Back home, Laurel finds a note from Barnes saying he has kidnapped Chelsea. She begs David to come help her save Chelsea and he agrees, driving to the specified meeting point—a lighthouse—as Laurel mixes potions in the passenger seat. At the lighthouse, Barnes tells Laurel he will release Chelsea in return for Laurel taking him to the gate. Or, he will kill her, Chelsea and David. He is interrupted by the arrival of someone else; Klea. Barnes is shocked to see her, and she shoots him in the head, killing him. Laurel unties Chelsea, and Chelsea asks Laurel what's going on—and not to lie, because she already knows about her blossom, that Laurel is a faerie, and that trolls are hunting her. Klea assures David and Laurel that she will take care of the trolls (calling them 'specimens') and that it is just as well she ignored Laurel's refusal about having bodyguards, or she would not have known they were in danger. Laurel offers to make Chelsea forget about everything with a potion, but Chelsea says she prefers knowing.

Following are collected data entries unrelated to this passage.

text \<open>Three layers of points: upper (top of b), middle (bottom of b = top of a),
  lower (bottom of a).\<close>
datatype lpt = Up nat | Mid nat | Lo nat

fun emb_upper :: "pt \<Rightarrow> lpt" where
  "emb_upper (Top i) = Up i" | "emb_upper (Bot i) = Mid i"

fun emb_lower :: "pt \<Rightarrow> lpt" where
  "emb_lower (Top i) = Mid i" | "emb_lower (Bot i) = Lo i"

fun outer :: "pt \<Rightarrow> lpt" where
  "outer (Top i) = Up i" | "outer (Bot i) = Lo i"

definition stack_edges :: "nat \<Rightarrow> diagram \<Rightarrow> diagram \<Rightarrow> (lpt \<times> lpt) set" where
  "stack_edges m a b =
     {(emb_upper p, emb_upper (b p)) | p. p \<in> pts m} \<union>
     {(emb_lower p, emb_lower (a p)) | p. p \<in> pts m}"

definition compose :: "nat \<Rightarrow> diagram \<Rightarrow> diagram \<Rightarrow> diagram" where
  "compose m a b = (\<lambda>p. if p \<in> pts m
       then (THE q. q \<in> pts m \<and> q \<noteq> p \<and> (outer p, outer q) \<in> (stack_edges m a b)\<^sup>*)
       else p)"

text \<open>Number of closed loops: connected components consisting of middle points only.\<close>
definition loops :: "nat \<Rightarrow> diagram \<Rightarrow> diagram \<Rightarrow> nat" where
  "loops m a b = card {C. \<exists>i\<in>{1..m}. C = ((stack_edges m a b)\<^sup>*) `` {Mid i}
                                        \<and> C \<subseteq> range Mid}"

type_synonym 'a elem = "diagram \<Rightarrow> 'a"

definition brauer_alg :: "nat \<Rightarrow> ('a::comm_ring_1) elem set" where
  "brauer_alg m = {x. \<forall>d. d \<notin> brauer m \<longrightarrow> x d = 0}"

definition basis :: "diagram \<Rightarrow> ('a::comm_ring_1) elem" where
  "basis d = (\<lambda>d'. if d' = d then 1 else 0)"

definition bmult :: "nat \<Rightarrow> 'a::comm_ring_1 \<Rightarrow> 'a elem \<Rightarrow> 'a elem \<Rightarrow> 'a elem" where
  "bmult m \<delta> x y = (\<lambda>c. \<Sum>a\<in>brauer m. \<Sum>b\<in>brauer m.
       if compose m a b = c then x a * y b * \<delta> ^ loops m a b else 0)"

definition walled :: "nat \<Rightarrow> nat \<Rightarrow> diagram set" where
  "walled r s = {d \<in> brauer (r + s). \<forall>p \<in> pts (r + s).
      (is_top p \<noteq> is_top (d p) \<longrightarrow> (idx p \<le> r \<longleftrightarrow> idx (d p) \<le> r)) \<and>
      (is_top p = is_top (d p) \<longrightarrow> (idx p \<le> r \<longleftrightarrow> \<not> idx (d p) \<le> r))}"

definition walled_alg :: "nat \<Rightarrow> nat \<Rightarrow> ('a::comm_ring_1) elem set" where
  "walled_alg r s = {x \<in> brauer_alg (r + s). \<forall>d. x d \<noteq> 0 \<longrightarrow> d \<in> walled r s}"

definition lin_ext :: "nat \<Rightarrow> (diagram \<Rightarrow> diagram) \<Rightarrow> ('a::comm_ring_1) elem \<Rightarrow> 'a elem" where
  "lin_ext m f x = (\<lambda>d'. \<Sum>d\<in>brauer m. if f d = d' then x d else 0)"

definition ext_right :: "nat \<Rightarrow> diagram \<Rightarrow> diagram" where
  "ext_right m d = (\<lambda>p. if p = Top (m + 1) then Bot (m + 1)
                         else if p = Bot (m + 1) then Top (m + 1) else d p)"

fun shift_up :: "pt \<Rightarrow> pt" where
  "shift_up (Top i) = Top (i + 1)" | "shift_up (Bot i) = Bot (i + 1)"

fun shift_down :: "pt \<Rightarrow> pt" where
  "shift_down (Top i) = Top (i - 1)" | "shift_down (Bot i) = Bot (i - 1)"

definition ext_left :: "diagram \<Rightarrow> diagram" where
  "ext_left d = (\<lambda>p. if p = Top 1 then Bot 1
                     else if p = Bot 1 then Top 1
                     else if 2 \<le> idx p then shift_up (d (shift_down p)) else p)"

After dropping Chelsea home, Laurel tells David she'll go to Tamani tomorrow and explain she cannot see him anymore, at all—she chooses David entirely. He kisses her and they reconcile. Laurel goes home and tells her parents everything that has happened, including telling them about the trolls, which she omitted six months ago, and reconciles with her mother. The next morning, Shar tells Laurel that Tamani has left for a new assignment already. He also makes clear how much he dislikes the way Laurel treats Tamani. Laurel tells him—after he demands she be honest—what happened with the trolls and Klea. After she leaves, Tamani steps out from where he was hidden. Shar asks if Tamani is ready for what he is about to do, and Tamani assures Shar that he is.

==Critical reception==

Spells met with critical acclaim prior to its release. Booklist gave Spells a starred review and wrote, "Mixing a little bit of Harry Potter and a lot of Twilight ... Pike has hit on a winning combination. Yet it is her own graceful take on life inside Avalon that adds a shimmering patina sure to enthrall readers." Romantic Times awarded Spells a "Top Pick," noting that "[s]urprises and suspense abound, making Spells harder to put down than Wings. Laurel is blossoming into an intriguing woman. Her conflict of heart won't come as a surprise to others who have been torn between two things they love dearly." Salt Lake City Weekly found that "...Pike's tale is more than another derivative hero-quest narrative. While telling a fanciful story about faeries and trolls, she cleverly interweaves an effective teen coming-of-age yarn". Spells was endorsed via a cover blurb by Carrie Jones, who said, "Spells is brilliant and lovely. Aprilynne Pike's talent just continues to bloom and I am almost afraid to see how awesome her next book will be."